See also Anthony’s fantastic Leibniz lecture series!

What makes shared value possible? What is the universal valuation standard?

NFTs right now are indeed mostly speculative, but they don’t have to be, I don’t think, anymore than the stock market must be speculative. An incredible amount of equity trading is, I think, speculative in nature, but equities used in favor of investment are critical and necessary for global markets. A world without stock markets would lack liquidity, which would be disastrous. However, where there are stock markets, there can be bubbles and radical exploitation. Is a middle ground possible? Yes, and generally there is a difference between fundamental investing and speculation. But in markets it is often very hard to fend against irrational speculation. We naturally like to get rich quick…

The likelihood that information is high-quality increases in proportion to the involvement of risk, and it is generally on high-quality information that we will feel confident to take a risk on a good bet. Where this schema is not involved, a Global Commons will prove difficult if not impossible to establish. Indeed, the internet has solved the problem of lacking information, which has plagued economies for decades (where data is incomplete, efficient markets prove difficult), but now we have the problem of “too much information,” which has ironically proven to create a new way that “information is lacking” by making all information cheap and indistinguishable. We have moved from lacking information to being unable to recognize quality information — a severe and difficult problem.

The more we are habituated to look to the news, distant authorities, and the like for information about our “common lives,” the more “the commons” will play a reduced role. Thinkers like Robert Putnam and Charles Murray discuss how local communities and social capital are in decline, and perhaps this is partly because of how “global focused” we are today, pressured by Globalization and the internet to pay attention to the “big picture” (at the expense of the “little picture,” per se). There are goods that come from this — we’re not so “closed minded” and susceptible to “the banality of evil,” for one, as described in “Belonging Again” by O.G. Rose — but a problem is that we are less equipped to establish and participate in a new “commons.” Problematically, as we take on a “global perspective,” the “commons” may wane and weaken, and we could easily lose it without realizing it is gone.
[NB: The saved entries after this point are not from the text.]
(* Let $q$ be a prime power and $s$ an odd integer, and let $G$ be an abelian group with $|G|=(q^s+1)(q^{2s}+1)$ which contains a difference set with parameters \[ (v,k,\lambda)=\left(\frac{q^{4s}-1}{q^s-1},\frac{q^{3s}-1}{q^s-1},\frac{q^{2s}-1}{q^s-1}\right). \] Let $\tau$ be the automorphism $\tau:x\mapsto x^{q^4}$ of $G$, and let $G^\tau$ denote the subgroup of fixed points of $\tau$. Let $M$ be any subgroup of $G$ of order $(q+1)(q^2+1)$. Then $M\le G^\tau$. Furthermore, let $b=\gcd(q+1,s)$ and $c=\gcd(q^2+1,s)$; if the Sylow $r$-subgroup of $G$ is cyclic for every prime $r$ dividing $b$ or $c$, then $M=G^\tau$.
   Context: A $(v,k,\lambda)$-difference set in an abelian group $G$ of order $v$ is a $k$-subset $D$ such that every non-identity element of $G$ is of the form $d_1d_2^{-1}$ with $d_1,d_2\in D$ in exactly $\lambda$ ways. *)

theory Defs
  imports "HOL-Algebra.Algebra" "HOL-Computational_Algebra.Primes"
begin

definition difference_set :: "('a, 'b) monoid_scheme \<Rightarrow> 'a set \<Rightarrow> nat \<Rightarrow> nat \<Rightarrow> nat \<Rightarrow> bool" where
  "difference_set G D v k lam \<longleftrightarrow>
     card (carrier G) = v \<and> D \<subseteq> carrier G \<and> card D = k \<and>
     (\<forall>g \<in> carrier G - {\<one>\<^bsub>G\<^esub>}.
        card {(d1, d2). d1 \<in> D \<and> d2 \<in> D \<and> d1 \<otimes>\<^bsub>G\<^esub> inv\<^bsub>G\<^esub> d2 = g} = lam)"

definition prime_power :: "nat \<Rightarrow> bool" where
  "prime_power q \<longleftrightarrow> (\<exists>p n. Factorial_Ring.prime (p::nat) \<and> n \<ge> 1 \<and> q = p ^ n)"

definition pow_fixed :: "('a, 'b) monoid_scheme \<Rightarrow> nat \<Rightarrow> 'a set" where
  "pow_fixed G q = {x \<in> carrier G. x [^]\<^bsub>G\<^esub> (q ^ 4) = x}"

definition sylow_subgroup :: "('a, 'b) monoid_scheme \<Rightarrow> nat \<Rightarrow> 'a set \<Rightarrow> bool" where
  "sylow_subgroup G r P \<longleftrightarrow> subgroup P G \<and> card P = r ^ multiplicity r (order G)"

end

theory Submission
  imports Defs "HOL-Number_Theory.Cong"
begin

text \<open>
  Put \<open>m = (q + 1) * (q ^ 2 + 1) = card M\<close> and \<open>t = order G div m\<close>. Since
  \<open>q ^ 4 - 1 = (q - 1) * m\<close>, an element is fixed by \<open>\<tau>\<close> iff its order divides
  \<open>(q - 1) * m\<close>, which already gives \<open>M \<subseteq> G\<^sup>\<tau>\<close>. For odd \<open>s\<close> we have
  \<open>x ^ s + 1 = (x + 1) * A x\<close> with \<open>A x = (\<Sum>i<s. (- x) ^ i)\<close>, so \<open>t = A q * A (q ^ 2)\<close>.
  As \<open>A x \<equiv> 1\<close> modulo primes dividing \<open>x - 1\<close> and \<open>A x \<equiv> s\<close> modulo primes dividing
  \<open>x + 1\<close>, \<open>t\<close> is prime to \<open>q - 1\<close> and every prime dividing both \<open>m\<close> and \<open>t\<close>
  divides \<open>b\<close> or \<open>c\<close>. Hence \<open>G\<^sup>\<tau>\<close> consists of the elements whose order divides
  \<open>card M\<close>, and these lie in \<open>M\<close>, one prime \<open>p\<close> at a time: if \<open>p\<close> does not divide
  \<open>t\<close>, through the index; otherwise a Sylow \<open>p\<close>-subgroup of \<open>M\<close>, of order \<open>p ^ a\<close>,
  exhausts the at most \<open>p ^ a\<close> solutions of \<open>z ^ p ^ a = 1\<close> in the cyclic Sylow
  \<open>p\<close>-subgroup of \<open>G\<close>.
\<close>

hide_const (open) Divisibility.prime
text \<open>
  For \<open>\<epsilon> = 1\<close> the theta series runs over the odd integers, so a product of four theta
  constants is a sum over quadruples \<open>k\<close> of odd integers of \<open>exp (\<pi> i \<tau> |k|\<^sup>2 / 4)\<close> times a
  character, which pairing \<open>k\<close> with \<open>-k\<close> turns into a cosine. For
  \<open>\<theta>\<^sup>3[1;0] \<theta>[1;2/3]\<close> the cosine depends on a single coordinate, for
  \<open>\<theta>\<^sup>4[1;1/3] - \<theta>\<^sup>4[1;2/3]\<close> on the coordinate sum \<open>s\<close>. The map \<open>k \<mapsto> H k / 2\<close>, with \<open>H\<close>
  the \<open>4 \<times> 4\<close> Hadamard matrix, preserves \<open>|k|\<^sup>2\<close> and moves \<open>s / 2\<close> into the first coordinate.
  Hence both sides are sums of the same weight \<open>exp (\<pi> i \<tau> |k|\<^sup>2 / 4) (cos (\<pi> k\<^sub>1 / 3) -
  cos (2 \<pi> k\<^sub>1 / 3))\<close>: the left side over all odd quadruples, halved, the right side over those
  with \<open>s \<equiv> 2 (mod 4)\<close>. Changing the sign of one coordinate exchanges the classes
  \<open>s \<equiv> 0\<close> and \<open>s \<equiv> 2 (mod 4)\<close>, so the full sum is twice the restricted one.
\<close>

lemma
  fixes f :: "'a \<Rightarrow> complex" and g :: "'b \<Rightarrow> complex"
  assumes f: "f summable_on A" and g: "g summable_on B"
  shows summable_on_product: "(\<lambda>(x,y). f x * g y) summable_on A \<times> B"
    and infsum_product: "infsum f A * infsum g B = (\<Sum>\<^sub>\<infinity>(x,y)\<in>A \<times> B. f x * g y)"
proof -
  have fa: "(\<lambda>x. norm (f x)) summable_on A" and ga: "(\<lambda>y. norm (g y)) summable_on B"
    using f g summable_on_iff_abs_summable_on_complex by auto
  have "(\<lambda>z. norm ((\<lambda>(x,y). f x * g y) z)) summable_on A \<times> B"
  proof (rule iffD2[OF Infinite_Sum.abs_summable_on_Sigma_iff], intro conjI ballI)
    show "(\<lambda>y. norm (case (x, y) of (x, y) \<Rightarrow> f x * g y)) summable_on B" for x
      using summable_on_cmult_right[OF ga, of "norm (f x)"] by (simp add: norm_mult)
    show "(\<lambda>x. norm (\<Sum>\<^sub>\<infinity>y\<in>B. norm (case (x, y) of (x, y) \<Rightarrow> f x * g y))) summable_on A"
      using summable_on_cmult_left[OF fa, of "\<Sum>\<^sub>\<infinity>y\<in>B. norm (g y)"]
      by (simp add: norm_mult infsum_cmult_right' infsum_nonneg)
  qed
  then show S: "(\<lambda>(x,y). f x * g y) summable_on A \<times> B"
    using summable_on_iff_abs_summable_on_complex by blast
  have "(\<Sum>\<^sub>\<infinity>(x,y)\<in>A \<times> B. f x * g y) = (\<Sum>\<^sub>\<infinity>x\<in>A. \<Sum>\<^sub>\<infinity>y\<in>B. f x * g y)"
    using infsum_Sigma'_banach[of "\<lambda>x y. f x * g y" A "\<lambda>_. B"] S by simp
  also have "\<dots> = infsum f A * infsum g B"
    by (simp add: infsum_cmult_right' infsum_cmult_left')
  finally show "infsum f A * infsum g B = (\<Sum>\<^sub>\<infinity>(x,y)\<in>A \<times> B. f x * g y)" by simp
qed
lemma residual_terms_index:
  assumes i: "i < dy * n"
  defines "p \<equiv> i mod dy" and "q \<equiv> i div dy"
  shows "xi d m dy L X Y W s $ i = 1 / nrm m dy L * net s $$ (p, q) - Y $$ (p, q)"
    and "(Hmat d m dy L X (W t) *\<^sub>v xi d m dy L X Y W t) $ i = 1 / nrm m dy L * grad_sum t $$ (p, q)"
    and "phi d m dy L X Y \<eta> \<beta> W t $ i =
      1 / nrm m dy L * (net (Suc t) $$ (p, q) - net t $$ (p, q) + \<eta> * mom_sum t $$ (p, q))"
    and "psi d m dy L X \<beta> W t $ i = 1 / nrm m dy L *
      (real (L - 1) * \<beta> * net t $$ (p, q) + \<beta> * net (t - 1) $$ (p, q) - \<beta> * lag_sum t $$ (p, q))"
    and "iota d m dy L X Y \<eta> W t $ i =
      \<eta> * ((Hmat d m dy L X (W 0) *\<^sub>v xi d m dy L X Y W t) $ i - (Hmat d m dy L X (W t) *\<^sub>v xi d m dy L X Y W t) $ i)"
proof -
  let ?x = "1 / nrm m dy L"
  have pq: "p < dy" "q < n" unfolding p_def q_def using divmod_less_bounds[OF i] .
  have entry: "vecc A $ i = A $$ (p, q)" if "A \<in> carrier_mat dy n" for A
    unfolding p_def q_def by (rule index_vecc[OF that i])
  note shapes = net_carrier layer_sums_carrier Y_carrier carrier_matD[OF net_carrier] carrier_matD[OF Y_carrier]
    layer_sums_carrier[THEN carrier_matD(1)] layer_sums_carrier[THEN carrier_matD(2)]
  show "xi d m dy L X Y W s $ i = ?x * net s $$ (p, q) - Y $$ (p, q)"
    unfolding xi_eq using entry[of "?x \<cdot>\<^sub>m net s - Y"] pq shapes by (simp add: minus_carrier_mat)
  show "(Hmat d m dy L X (W t) *\<^sub>v xi d m dy L X Y W t) $ i = ?x * grad_sum t $$ (p, q)"
    unfolding Hmat_mult_xi using entry[of "?x \<cdot>\<^sub>m grad_sum t"] pq shapes by simp
  show "phi d m dy L X Y \<eta> \<beta> W t $ i = ?x * (net (Suc t) $$ (p, q) - net t $$ (p, q) + \<eta> * mom_sum t $$ (p, q))"
    unfolding phi_def Phi_mult_X using entry[of "?x \<cdot>\<^sub>m (net (Suc t) - net t + \<eta> \<cdot>\<^sub>m mom_sum t)"] pq shapes
    by (simp add: minus_carrier_mat)
  show "psi d m dy L X \<beta> W t $ i =
      ?x * (real (L - 1) * \<beta> * net t $$ (p, q) + \<beta> * net (t - 1) $$ (p, q) - \<beta> * lag_sum t $$ (p, q))"
    unfolding psi_eq using entry[of "?x \<cdot>\<^sub>m ((real (L - 1) * \<beta>) \<cdot>\<^sub>m net t + \<beta> \<cdot>\<^sub>m net (t - 1) - \<beta> \<cdot>\<^sub>m lag_sum t)"]
      pq shapes by (simp add: minus_carrier_mat)
  show "iota d m dy L X Y \<eta> W t $ i =
      \<eta> * ((Hmat d m dy L X (W 0) *\<^sub>v xi d m dy L X Y W t) $ i - (Hmat d m dy L X (W t) *\<^sub>v xi d m dy L X Y W t) $ i)"
    unfolding iota_def using minus_mult_distrib_mat_vec[OF Hmat_carrier Hmat_carrier xi_carrier] i by simp
qed
lemma lagrangian_flow_unique:
  fixes K :: "'a::euclidean_space \<Rightarrow> 'a"
  assumes M: "finite_measure M" and K: "C-lipschitz_on UNIV K"
    and P: "lagrangian_flow M K x0 T P" and Q: "lagrangian_flow M K x0 T Q"
  shows "\<forall>t\<in>{0..T}. P t = Q t"
proof (cases "0 \<le> T")
  case True
  define L where "L = C * measure M (space M)"
  have L: "0 \<le> L" using lipschitz_on_nonneg[OF K] by (simp add: L_def)
  define h where "h = 1 / (4 * (L + 1))"
  have "h > 0" using L by (simp add: h_def)
  have hL: "h * L \<le> 1/4" using L by (simp add: h_def field_simps)
  show ?thesis
  proof (rule continuation_by_steps[OF \<open>h > 0\<close>])
    show "P 0 = Q 0" using lagrangian_flow_initial[OF P True] lagrangian_flow_initial[OF Q True] by simp
    fix t0 t1 assume t01: "0 \<le> t0" "t0 \<le> t1" "t1 \<le> T" "t1 - t0 \<le> h" and "P t0 = Q t0"
    have "(t1 - t0) * L \<le> 1/4" using mult_right_mono[OF t01(4) L] hL by linarith
    then show "\<forall>s\<in>{t0..t1}. P s = Q s"
      using lagrangian_flows_agree_on_short_interval[OF M K P Q t01(1-3)] \<open>P t0 = Q t0\<close>
      by (simp add: L_def)
  qed
qed simp

section \<open>Solutions as Lagrangian flows and rescaling\<close>

lemma is_solution_imp_lagrangian_flow:
  assumes sol: "is_solution N T (conv_vel K) mubar \<mu> \<gamma>"
  shows "lagrangian_flow mubar K (\<lambda>x. x) T \<gamma>"
proof -
  have sets: "sets mubar = sets borel" using is_solutionD(1)[OF sol] by (simp add: M1N_def)
  have meas: "\<gamma> t \<in> borel_measurable mubar" if "t \<in> {0..T}" for t
    using is_solutionD(4)[OF sol that] measurable_cong_sets[OF sets refl] by blast
  have distr: "\<mu> t = distr mubar borel (\<gamma> t)" if "t \<in> {0..T}" for t
    using is_solutionD(5)[OF sol that] by (simp add: pushfwd_def)
  have moment: "(\<integral>z. norm (\<gamma> t z) \<partial>mubar) = (\<integral>y. norm y \<partial>\<mu> t)" if t: "t \<in> {0..T}" for t
    by (simp add: distr[OF t] integral_distr[OF meas[OF t]])
  have int: "integrable mubar (\<gamma> t)" if t: "t \<in> {0..T}" for t
  proof -
    have "integrable (\<mu> t) norm" using is_solutionD(2)[OF sol t] by (simp add: M1N_def)
    then have "integrable mubar (\<lambda>z. norm (\<gamma> t z))"
      by (simp add: distr[OF t] integrable_distr_eq[OF meas[OF t]])
    then show ?thesis using integrable_norm_iff[OF meas[OF t]] by simp
  qed
  have "(\<lambda>t. \<integral>z. norm (\<gamma> t z) \<partial>mubar) ` {0..T} = (\<lambda>t. \<integral>y. norm y \<partial>\<mu> t) ` {0..T}"
    by (rule image_cong) (simp_all add: moment)
  then have "bdd_above ((\<lambda>t. \<integral>z. norm (\<gamma> t z) \<partial>mubar) ` {0..T})"
    using is_solution_first_moment_bounded[OF sol] by simp
  moreover have "((\<lambda>s. conv_vel K (distr mubar borel (\<gamma> s)) (\<gamma> s z)) has_integral (\<gamma> t z - z)) {0..t}"
    if t: "t \<in> {0..T}" for t z
    using is_solutionD(6)[OF sol t, of z] t
    by (subst has_integral_cong[where g="\<lambda>s. conv_vel K (\<mu> s) (\<gamma> s z)"]) (auto simp: distr)
  ultimately show ?thesis using int unfolding lagrangian_flow_def by blast
qed

lemma lagrangian_flow_distr:
  assumes flow: "lagrangian_flow (distr M borel U) K x0 T \<gamma>" and U: "U \<in> borel_measurable M"
  shows "lagrangian_flow M K (\<lambda>z. x0 (U z)) T (\<lambda>t z. \<gamma> t (U z))"
proof -
  have meas: "\<gamma> t \<in> borel_measurable borel" if "t \<in> {0..T}" for t
    using borel_measurable_integrable[OF lagrangian_flowD(1)[OF flow that]]
    unfolding measurable_cong_sets[OF sets_distr refl] .
  have distr: "distr (distr M borel U) borel (\<gamma> t) = distr M borel (\<lambda>z. \<gamma> t (U z))"
    if "t \<in> {0..T}" for t
    using distr_distr[OF meas[OF that] U] by (simp add: comp_def)
  have int: "integrable M (\<lambda>z. \<gamma> t (U z))" if "t \<in> {0..T}" for t
    using lagrangian_flowD(1)[OF flow that] integrable_distr_eq[OF U meas[OF that]] by simp
  have "(\<lambda>t. \<integral>z. norm (\<gamma> t (U z)) \<partial>M) ` {0..T}
      = (\<lambda>t. \<integral>z. norm (\<gamma> t z) \<partial>distr M borel U) ` {0..T}"
  proof (rule image_cong[OF refl])
    fix t assume "t \<in> {0..T}"
    from integral_distr[OF U measurable_compose[OF meas[OF this] borel_measurable_norm]]
    show "(\<integral>z. norm (\<gamma> t (U z)) \<partial>M) = (\<integral>z. norm (\<gamma> t z) \<partial>distr M borel U)" by simp
  qed
  then have "bdd_above ((\<lambda>t. \<integral>z. norm (\<gamma> t (U z)) \<partial>M) ` {0..T})"
    using lagrangian_flowD(2)[OF flow] by simp
  moreover have "((\<lambda>s. conv_vel K (distr M borel (\<lambda>z. \<gamma> s (U z))) (\<gamma> s (U z')))
      has_integral (\<gamma> t (U z') - x0 (U z'))) {0..t}" if t: "t \<in> {0..T}" for t z'
  proof (subst has_integral_cong)
    fix s assume "s \<in> {0..t}"
    then have "s \<in> {0..T}" using t by auto
    then show "conv_vel K (distr M borel (\<lambda>z. \<gamma> s (U z))) (\<gamma> s (U z'))
        = conv_vel K (distr (distr M borel U) borel (\<gamma> s)) (\<gamma> s (U z'))"
      by (simp add: distr)
  qed (rule lagrangian_flowD(3)[OF flow t])
  ultimately show ?thesis using int unfolding lagrangian_flow_def by blast
qed
(* Let $\mathbf{x},\mathbf{z}\in B_2^n$. Let $\mathbf{a}$ be a random vector in $\mathbb{R}^n$ with i.i.d. mean-zero, variance-one, sub-gaussian entries (each distributed as $a$) whose sub-gaussian norm is bounded by $\kappa$, and let $\mathbf{g}$ be a vector of independent standard normal entries. Let $\theta:\mathbb{R}\to\mathbb{R}$ be a measurable function whose second and third derivatives exist and satisfy $\|\theta''\|_\infty\le\tau_2$ and $\|\theta'''\|_\infty\le\tau_3$. Then $$\big|\mathbb{E}\theta(\langle\mathbf{a},\mathbf{x}\rangle)\langle\mathbf{a},\mathbf{z}\rangle-\mathbb{E}\theta(\langle\mathbf{g},\mathbf{x}\rangle)\langle\mathbf{g},\mathbf{z}\rangle\big|\le C(\tau_2+\tau_3)\,\mathbb{E}a^4\,\|\mathbf{x}\|_\infty,$$ where $C>0$ is an absolute constant.
   Context: The sub-gaussian norm of $a$ is $\sup_{q\ge1}q^{-1/2}(\mathbb{E}|a|^q)^{1/q}$. $B_2^n$ is the Euclidean unit ball. *)

theory Defs
  imports "HOL-Probability.Probability"
begin

definition std_gaussian :: "real measure" where
  "std_gaussian = density lborel std_normal_density"

definition subgaussian_norm_le :: "real measure \<Rightarrow> real \<Rightarrow> bool" where
  "subgaussian_norm_le D \<kappa> \<longleftrightarrow>
     (\<forall>q::real. q \<ge> 1 \<longrightarrow>
        integrable D (\<lambda>t. \<bar>t\<bar> powr q) \<and>
        q powr (-1/2) * (\<integral>t. \<bar>t\<bar> powr q \<partial>D) powr (1/q) \<le> \<kappa>)"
When we then turn to look for “the commons” (for whatever reason), we will not find it, and this may function as evidence to us that we were right to focus on “the global.” After all, the “commons” isn’t there.

When people say they care about something but don’t focus on it, it’s hard for us to trust that they mean what they say (even if they genuinely believe they mean it). Where “focus” is lacking, so we assume “concern” is also absent. But focus is hard to maintain, and we may (tell ourselves we) care about something but still not always focus on it, which though an understandable occurrence (given that we’re finite), could send negative signals to our community. How do we maintain a constant and reliable signal to others that we care about something? How do we make them believe we are “focusing” on this or that even if it is not always at the forefront of our minds? Well, investment.

As has already been discussed, a tremendous problem we face today is that as the amount of information has increased our confidence in the quality of it has decreased. Please note that I didn’t say here that “the quality of the information itself has decreased,” for we can’t really know if that’s true without ourselves being the origin of all that information (to allude to points from “Ludwig and the Authority Circle” and the always lurking “Incompleteness Theorem” by Kurt Gödel). My point is that our ability to “feel like” the information is “reliable” and “high-quality” is indeed less, which means C.S. Pierce’s “fixed belief” is harder to gain. In such an environment, “givens” weaken and totalitarianism grows in appeal (as discussed throughout “Belonging Again” by O.G. Rose).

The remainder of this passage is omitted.